法人向けに活路

普及に向けては大胆な意見もある。先とは別のメーカー担当者(輸入代理店)は、「日本の医療費負担が上がれば、"予防"に意識が向き、一般層への普及もありえる」と話す。リストバンド型ウェアラブルは欧米で普及が進んでいるが、それは医療費負担と切り離せない問題があるからだ。

同氏の意見は正論だが、販売側がどうこうできる問題でもないのが痛いところ。しかし、同氏は続けて、法人向けに活路があると話す。「2014年は7法人に販売したが、2015年になってから販売先は40法人に膨れ上がった。一法人あたり100~200個程度出荷している」(輸入代理店担当者)。当の担当者によると、リストバンド型デバイスの機能を利用して、睡眠時間などを把握し、従業員が規則正しい生活送れているか否かのチェックに役立てたいというニーズが高まっているという。

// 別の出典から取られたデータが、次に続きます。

lemma root_perm_gen: "s \<in> S \<Longrightarrow> root_perm s = id \<or> root_perm s = Not"
  using flip_last_gen[of s "[x]" for x] by (intro Not_commuting_cases) simp

lemma gen_group_singleton: "k \<in> gen_group S \<Longrightarrow> \<exists>p\<in>Psi_set S. \<forall>x. k [x] = [p x]"
proof (induction k rule: gen_group.induct)
  case gen_id
  show ?case
    using Psi_set.psi_id by (intro bexI[of _ id]) simp_all
next
  case (gen_step s k)
  then obtain p where "p \<in> Psi_set S" and k: "\<And>x. k [x] = [p x]"
    by blast
  then have "root_perm s \<circ> p \<in> Psi_set S"
    using gen_step(1) by (intro Psi_set.psi_step)
  moreover have "(s \<circ> k) [x] = [(root_perm s \<circ> p) x]" for x
    using gen_step(1) by (simp add: k)
  ultimately show ?case
    by blast
qed

lemma Psi_set_eq: "Psi_set S = {id, Not}"
proof
  show "Psi_set S \<subseteq> {id, Not}"
  proof
    fix p assume "p \<in> Psi_set S"
    then show "p \<in> {id, Not}"
    proof (induction p rule: Psi_set.induct)
      case (psi_step s p)
      have "Not \<circ> Not = id"
        by (simp add: fun_eq_iff)
      with root_perm_gen[OF psi_step(1)] psi_step.IH show ?case
        by auto
    qed simp
  qed
  moreover obtain k where "k \<in> gen_group S" and "k [False] = [True]"
    using level_transitive_gen unfolding level_transitive_def by (metis length_Cons)
  ultimately have "Not \<in> Psi_set S"
    using gen_group_singleton by fastforce
  then show "{id, Not} \<subseteq> Psi_set S"
    using Psi_set.psi_id by blast
qed

lemma two_element_Psi_group: "two_element_group (Psi_group S) Not"
  by (auto simp: two_element_group_def Psi_group_def Psi_set_eq fun_eq_iff)

end

lemma transitive_binary_generators_automaton:
  assumes "invertible_automaton Q tau lam" and "\<forall>s\<in>S. \<exists>q\<in>Q. s = act tau lam q"
    and "\<forall>s\<in>S. inv_into UNIV s \<in> S" and "level_transitive (gen_group S)"
  shows "transitive_binary_generators S"
proof unfold_locales
  fix s w assume "s \<in> S"
  then obtain q where "q \<in> Q" and "s = act tau lam q"
    using assms(2) by blast
  then show "length (s w) = length w" and "s (flip_last w) = flip_last (s w)"
    using act_flip_last[OF assms(1)] by simp_all
qed (use assms in auto)
(* Let $\Omega\subset\mathbb{R}^d$, $\{q(\cdot|\boldsymbol{\lambda})\}_{\boldsymbol{\lambda}\in\Omega}$ a family of probability densities, $f(\mathbf{z})=-\log\pi(D,\mathbf{z})$, and for $\rho\in\mathcal{P}(\Omega)$ let $\mathcal{L}(\rho)=\mathbb{E}_{\boldsymbol{\lambda}\sim\rho}\mathbb{E}_{\mathbf{z}\sim q(\cdot|\boldsymbol{\lambda})}[f(\mathbf{z})+\log q_\rho(\mathbf{z})]$ with $q_\rho(\mathbf{z})=\int\rho(\boldsymbol{\lambda})q(\mathbf{z}|\boldsymbol{\lambda})d\boldsymbol{\lambda}$. Then for any $\rho,\rho'\in\mathcal{P}(\Omega)$, $$\mathcal{L}(\rho')-\mathcal{L}(\rho)-\int\delta\mathcal{L}(\rho)(\boldsymbol{\lambda})\big(\rho'(\boldsymbol{\lambda})-\rho(\boldsymbol{\lambda})\big)d\boldsymbol{\lambda}\le\mathrm{KL}(\rho',\rho).$$
   Context: $\delta\mathcal{L}(\rho)(\boldsymbol{\lambda})=\mathbb{E}_{\mathbf{z}\sim q(\cdot|\boldsymbol{\lambda})}[f(\mathbf{z})+\log q_\rho(\mathbf{z})]+1$ is the first variation of $\mathcal{L}$ at $\rho$. $\mathrm{KL}(\rho',\rho)=\int\rho'\log(\rho'/\rho)$. *)

theory Defs
  imports "HOL-Analysis.Analysis"
begin

definition prob_density :: "'a::euclidean_space set \<Rightarrow> ('a \<Rightarrow> real) \<Rightarrow> bool" where
  "prob_density \<Omega> \<rho> \<longleftrightarrow>
     \<rho> \<in> borel_measurable lborel \<and> (\<forall>x. 0 \<le> \<rho> x) \<and> (\<forall>x. x \<notin> \<Omega> \<longrightarrow> \<rho> x = 0) \<and>
     integrable lborel \<rho> \<and> (\<integral>x. \<rho> x \<partial>lborel) = 1"

text \<open>Mixture density q_rho(z) = int rho(lambda) q(z|lambda) dlambda; here q l z = q(z|l).\<close>
definition mixture :: "('a::euclidean_space \<Rightarrow> 'b::euclidean_space \<Rightarrow> real) \<Rightarrow> ('a \<Rightarrow> real) \<Rightarrow> 'b \<Rightarrow> real" where
  "mixture q \<rho> z = (\<integral>l. \<rho> l * q l z \<partial>lborel)"
(* Let $n\in\mathbb{Z}$. Let $t\in[0,1]\mapsto\gamma_t\in\mathcal{I}_n$ be a path and let $\tilde h:[0,1]^2\to\mathcal{I}_n$ be continuous with $\tilde h(0,t)=\gamma_t$ for all $t$. Assume that (i) the map $(t,s)\mapsto\gamma_t(s)$ is $C^1$ on $[0,1]\times S^1$; (ii) for all $t$, $\tilde h(1,t)$ is an embedding; (iii) for all $z$, $\tilde h(z,0)$ and $\tilde h(z,1)$ are embeddings. Then there exists a map $h:[0,1]^2\to\mathcal{I}_n$ such that: for all $t$, $h(0,t)=\gamma_t$; for every $z$, the map $h_z:(t,s)\mapsto h(z,t)(s)$ is $C^1$ on $[0,1]\times S^1$; the map $z\mapsto h_z$ is continuous from $[0,1]$ to the Banach space $C^1([0,1]\times S^1,\mathbb{R}^2)$; for all $t$, $h(1,t)$ is an embedding; and for all $z$, $h(z,0)$ and $h(z,1)$ are embeddings.
   Context: $S^1=\mathbb{R}/\mathbb{Z}$ with base point $0$. $\mathcal{I}_n$ is the set of $C^1$ immersions $\gamma:S^1\to\mathbb{R}^2$ whose tangent vector has winding number $n$ and such that $\gamma'(0)$ is a positive multiple of $(1,0)$; it is topologized as a subset of the Banach space $C^1(S^1,\mathbb{R}^2)$ with norm $\max(\sup\|f\|,\sup\|f'\|)$. *)

theory Defs
  imports "HOL-Analysis.Analysis"
begin

text \<open>R^2 is modelled by the complex plane; (1,0) corresponds to 1.
  A map S^1 = R/Z \<rightarrow> R^2 is modelled as a 1-periodic map real \<Rightarrow> complex.\<close>

definition C1_loop :: "(real \<Rightarrow> complex) \<Rightarrow> bool" where
  "C1_loop \<gamma> \<longleftrightarrow> (\<forall>s. \<gamma> (s + 1) = \<gamma> s) \<and> (\<forall>s. \<gamma> differentiable (at s))
     \<and> continuous_on UNIV (\<lambda>s. vector_derivative \<gamma> (at s))"

definition tangent_winding :: "(real \<Rightarrow> complex) \<Rightarrow> int \<Rightarrow> bool" where
  "tangent_winding \<gamma> n \<longleftrightarrow> (\<exists>\<theta>::real \<Rightarrow> real. continuous_on UNIV \<theta> \<and>
     (\<forall>s. vector_derivative \<gamma> (at s) = of_real (cmod (vector_derivative \<gamma> (at s))) * cis (2 * pi * \<theta> s))
     \<and> \<theta> 1 - \<theta> 0 = of_int n)"
(* Let $F$ be a face of $\Delta$, let $\mathfrak r$ be the orthogonal complement of $\mathfrak n\cap\mathbb R^{I_F}$ in $\mathfrak n$, and let $z\in(\mathbb C^* )^{F^c}$. Then there exist a unique point $x\in\Psi_\Delta^{-1}(0)$, a unique point $\xi\in F$ and a unique $Y\in\mathfrak r$ such that $Az\cap\Psi_\Delta^{-1}(0)=\{x\}$, $\exp(iY)z=x$, and $\langle\xi,X_j\rangle-\lambda_j=|x_j|^2$ for $j=1,\dots,d$.
   Context: Let $\mathfrak d$ be an $n$-dimensional real vector space. Let $\Delta\subset\mathfrak d^*$ be an $n$-dimensional convex polytope with $d$ facets, $\Delta=\bigcap_{j=1}^d\{\mu\in\mathfrak d^*:\langle\mu,X_j\rangle\ge\lambda_j\}$, with chosen inward normals $X_1,\dots,X_d\in\mathfrak d$ and $\lambda_j\in\mathbb R$. For each face $F$, $I_F$ is such that $F=\{\mu\in\Delta:\langle\mu,X_j\rangle=\lambda_j\iff j\in I_F\}$. $(\mathbb C^* )^{F^c}=\{z\in\mathbb C^d:z_j=0\ (j\in I_F),\ z_j\ne0\ (j\notin I_F)\}$; $\mathbb R^{I_F}\subseteq\mathbb R^d$ is the coordinate subspace spanned by $e_j$, $j\in I_F$. $\pi:\mathbb R^d\to\mathfrak d$, $e_j\mapsto X_j$; $\mathfrak n=\ker\pi$ with the inner product induced from the standard one on $\mathbb R^d$; $\iota:\mathfrak n\to\mathbb R^d$ the inclusion. $A=\{\exp(iY):Y\in\mathfrak n\}$ acts on $\mathbb C^d$ by $z_j\mapsto e^{-2\pi Y_j}z_j$. $\Psi_\Delta:\mathbb C^d\to\mathfrak n^*$, $\Psi_\Delta(z)=\sum_{j=1}^d(|z_j|^2+\lambda_j)\iota^*(e_j^* )$. *)

theory Defs
  imports "HOL-Analysis.Analysis"
begin

text \<open>Conventions: the n-dimensional space d is real^'n, its dual is identified with
real^'n via the dot product; facets are indexed by the finite type 'd (so d = CARD('d)).\<close>

definition Delta :: "('d::finite \<Rightarrow> real^'n::finite) \<Rightarrow> ('d \<Rightarrow> real) \<Rightarrow> (real^'n) set" where
  "Delta X lam = {\<mu>. \<forall>j. \<mu> \<bullet> X j \<ge> lam j}"

definition facetj :: "('d::finite \<Rightarrow> real^'n::finite) \<Rightarrow> ('d \<Rightarrow> real) \<Rightarrow> 'd \<Rightarrow> (real^'n) set" where
  "facetj X lam j = {\<mu> \<in> Delta X lam. \<mu> \<bullet> X j = lam j}"

definition faceI :: "('d::finite \<Rightarrow> real^'n::finite) \<Rightarrow> ('d \<Rightarrow> real) \<Rightarrow> 'd set \<Rightarrow> (real^'n) set" where
  "faceI X lam I = {\<mu> \<in> Delta X lam. \<forall>j. \<mu> \<bullet> X j = lam j \<longleftrightarrow> j \<in> I}"

definition piX :: "('d::finite \<Rightarrow> real^'n::finite) \<Rightarrow> real^'d \<Rightarrow> real^'n" where
  "piX X t = (\<Sum>j\<in>UNIV. (t $ j) *\<^sub>R X j)"

definition nker :: "('d::finite \<Rightarrow> real^'n::finite) \<Rightarrow> (real^'d) set" where
  "nker X = {t. piX X t = 0}"

definition coord_sub :: "'d::finite set \<Rightarrow> (real^'d) set" where
  "coord_sub I = {t. \<forall>j. j \<notin> I \<longrightarrow> t $ j = 0}"

definition rperp :: "('d::finite \<Rightarrow> real^'n::finite) \<Rightarrow> 'd set \<Rightarrow> (real^'d) set" where
  "rperp X I = {Y \<in> nker X. \<forall>W \<in> nker X \<inter> coord_sub I. Y \<bullet> W = 0}"

text \<open>Action of exp(iY) on C^d.\<close>
definition Aact :: "real^'d::finite \<Rightarrow> complex^'d \<Rightarrow> complex^'d" where
  "Aact Y z = (\<chi> j. complex_of_real (exp (- 2 * pi * (Y $ j))) * (z $ j))"

definition Aorbit :: "('d::finite \<Rightarrow> real^'n::finite) \<Rightarrow> complex^'d \<Rightarrow> (complex^'d) set" where
  "Aorbit X z = {Aact Y z | Y. Y \<in> nker X}"

text \<open>Psi_Delta(z), as a linear functional evaluated on Y in n: sum_j (|z_j|^2+lam_j) Y_j.\<close>
definition Psi :: "('d::finite \<Rightarrow> real) \<Rightarrow> complex^'d \<Rightarrow> real^'d \<Rightarrow> real" where
  "Psi lam z Y = (\<Sum>j\<in>UNIV. ((cmod (z $ j))\<^sup>2 + lam j) * (Y $ j))"

definition Psi_zero :: "('d::finite \<Rightarrow> real^'n::finite) \<Rightarrow> ('d \<Rightarrow> real) \<Rightarrow> (complex^'d) set" where
  "Psi_zero X lam = {z. \<forall>Y \<in> nker X. Psi lam z Y = 0}"

definition Cstar_Fc :: "'d::finite set \<Rightarrow> (complex^'d) set" where
  "Cstar_Fc I = {z. \<forall>j. z $ j = 0 \<longleftrightarrow> j \<in> I}"

end

theory Submission
  imports Defs
begin

(* Fix a point xi0 of the face F and z in (C* )^(F^c).  Put s_j = <xi0,X_j> - lam_j, so that
   s_j >= 0 with equality exactly when z_j = 0.  The "potential"
       P(Y) = sum_j |z_j|^2 exp(-4 pi Y_j) + 4 pi s_j Y_j
   restricted to the subspace n = ker pi is coercive in the directions where z_j <> 0 and
   constant in the others, so it attains a minimum on n.  Its derivative along W in n is
   -4 pi Psi(exp(iY) z)(W), so a minimiser Y1 gives a point x = exp(iY1) z of Psi^-1(0);
   strict monotonicity of exp shows that this point of the orbit is unique.  The vector
   (|x_j|^2 + lam_j)_j annihilates n, hence lies in the range of the adjoint of pi, which
   produces xi; boundedness of Delta forces the X_j to separate points, giving uniqueness of xi.
   Finally Y is the orthogonal projection of Y1 onto the complement r of n /\ R^I. *)

(* The second-order Taylor bound for exp on [0,oo), obtained by squaring 1 + u/2 <= exp(u/2). *)
lemma exp_ge_quadratic:
  fixes u :: real
  assumes "0 \<le> u"
  shows "1 + u + u\<^sup>2 / 4 \<le> exp u"
proof -
  have "(1 + u/2)\<^sup>2 \<le> exp (u/2) ^ 2"
    using assms by (intro power_mono) auto
  also have "\<dots> = exp u"
    by (simp add: exp_double[symmetric])
  finally show ?thesis
    by (simp add: power2_eq_square field_simps)
qed

(* A function a exp(-cy) + by grows at least like b|y|; this yields coercivity of the potential. *)
lemma exp_linear_lower_bound:
  fixes a b c y :: real
  assumes "0 < a" "0 < c"
  shows "b * \<bar>y\<bar> - 4 * (b/c)\<^sup>2 / a \<le> a * exp (- c * y) + b * y"
proof (cases "0 \<le> y")
  case True
  have "0 \<le> 4 * (b/c)\<^sup>2 / a" "0 < a * exp (- c * y)"
    using assms by auto
  then show ?thesis
    using True by simp
next
  case False
  define u where "u = - c * y"
  have u: "0 \<le> u"
    using False assms by (simp add: u_def mult_nonneg_nonpos)
  have lin: "b * \<bar>y\<bar> = (b/c) * u" "b * y = - (b/c) * u" "a * exp (- c * y) = a * exp u"
    using False assms by (auto simp: u_def)
  have "a * (1 + u + u\<^sup>2 / 4) \<le> a * exp u"
    using exp_ge_quadratic[OF u] assms by simp
  moreover have "0 \<le> (a/2 * u - 2 * b/c)\<^sup>2 / a"
    using assms by simp
  moreover have "(a/2 * u - 2 * b/c)\<^sup>2 / a = a * (u\<^sup>2/4) - 2 * (b/c) * u + 4 * (b/c)\<^sup>2 / a"
    using assms by (simp add: power2_eq_square field_simps)
  moreover have "0 \<le> a * (1 + u)"
    using u assms by simp
  ultimately show ?thesis
    unfolding lin by (simp add: algebra_simps)
qed

lemma continuous_attains_inf_sublevel:
  fixes H :: "'a::{real_normed_vector,heine_borel} \<Rightarrow> real"
  assumes "closed S" "p \<in> S" "continuous_on S H" "bounded {v \<in> S. H v \<le> H p}"
  shows "\<exists>v0\<in>S. \<forall>v\<in>S. H v0 \<le> H v"
proof -
  obtain R where R: "\<And>v. v \<in> S \<Longrightarrow> H v \<le> H p \<Longrightarrow> norm v \<le> R"
    using assms(4) unfolding bounded_iff by blast
  define K where "K = S \<inter> cball 0 R"
  have "compact K" "p \<in> K"
    using assms(1,2) R[of p] by (auto simp: K_def compact_Int_closed)
  moreover have "continuous_on K H"
    using assms(3) by (rule continuous_on_subset) (simp add: K_def)
  ultimately obtain v0 where "v0 \<in> K" and v0: "\<And>v. v \<in> K \<Longrightarrow> H v0 \<le> H v"
    using continuous_attains_inf[of K H] by blast
  moreover have "H v0 \<le> H v" if "v \<in> S" for v
  proof (cases "norm v \<le> R")
    case True
    then show ?thesis using that v0 by (simp add: K_def)
  next
    case False
    then show ?thesis using R[OF that] v0[OF \<open>p \<in> K\<close>] by linarith
  qed
  ultimately show ?thesis
    by (auto simp: K_def)
qed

最近では、従業員の健康を重要な経営資源ととらえる「ウェルネス経営」という手法が注目されており、リストバンド型デバイスは、それを実現するデバイスとも位置づけられそうだ。個々人のログの取得が別の問題をはらむ恐れはあるが、普及・拡大に向けたひとつの道にはなるだろう。

万人ウケする動機付けが必要

さらなる普及拡大に考えを巡らせるなら、もっと意外なものが答えになるかもしれない。それは生命保険だ。たとえば、リストバンド型デバイスから得られるバイタルデータを生命保険の保険料負担と連動させる仕組みについてだ。業界関係者は「どういったバイタルデータをどう保険に反映するのかという課題はあるが、そうした保険商品の実現の可能性としてはありえる」と話す。

現状、リストバンド型デバイス普及の課題は、万人ウケする購買動機が弱いことだ。生命保険のようにお金に絡むメリットは、多くの人にとって明確な利用メリットになりえるため、普及に向けた弾みとなる可能性はありそうだ。

日本よりも米国でリストバンド型デバイスが普及しているのは、医療費負担が高いという事情は先に説明したとおり。リストバンド型デバイスの普及には、いままでにない利用者にとっての新しい価値と仕組みが求められそうだ。